--- What is expected ---
Copy out exactly every line from the line containing "using A A' i" until the records below end, inclusive of both boundary lines.

Dataset records Start Marker

lemma int_comb_coeffs_mult_eq_id:
  assumes A: "\<forall>i<a. A i = int_comb b A' (X i)" and A': "\<forall>j<b. A' j = int_comb a A (Y j)"
    and indep: "\<forall>c. int_comb a A c = (\<lambda>j. 0) \<longrightarrow> (\<forall>i<a. c i = 0)"
  shows "\<forall>i<a. \<forall>l<a. (\<Sum>j<b. X i j * Y j l) = (if i = l then 1 else 0)"
proof (intro allI impI)
  fix i l assume i: "i < a" and l: "l < a"
  define c where "c l = (\<Sum>j<b. X i j * Y j l) - (if i = l then 1 else 0)" for l
  have "int_comb a A c = (\<lambda>j. 0)"
  proof
    fix k
    have "(\<Sum>l<a. (if i = l then 1 else 0) * A l k) = (\<Sum>l<a. if i = l then A l k else 0)"
      by (intro sum.cong) auto
    then have "int_comb a A c k
        = (\<Sum>l<a. (\<Sum>j<b. X i j * Y j l) * A l k) - (\<Sum>l<a. if i = l then A l k else 0)"
      by (simp add: int_comb_def c_def left_diff_distrib sum_subtractf)
    also have "(\<Sum>l<a. (\<Sum>j<b. X i j * Y j l) * A l k) = (\<Sum>j<b. X i j * (\<Sum>l<a. Y j l * A l k))"
      by (simp add: sum_distrib_left sum_distrib_right mult.assoc sum.swap[of _ "{..<a}"])
    also have "\<dots> = A i k"
      using A A' i by (simp add: int_comb_def)
    finally show "int_comb a A c k = 0"
      using i by simp
  qed
  then have "c l = 0"
    using indep l by blast
  then show "(\<Sum>j<b. X i j * Y j l) = (if i = l then 1 else 0)"
    by (simp add: c_def)
qed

Dataset records End Marker

--- Finished exercise ---
      using A A' i by (simp add: int_comb_def)
    finally show "int_comb a A c k = 0"
      using i by simp
  qed
  then have "c l = 0"
    using indep l by blast
  then show "(\<Sum>j<b. X i j * Y j l) = (if i = l then 1 else 0)"
    by (simp add: c_def)
qed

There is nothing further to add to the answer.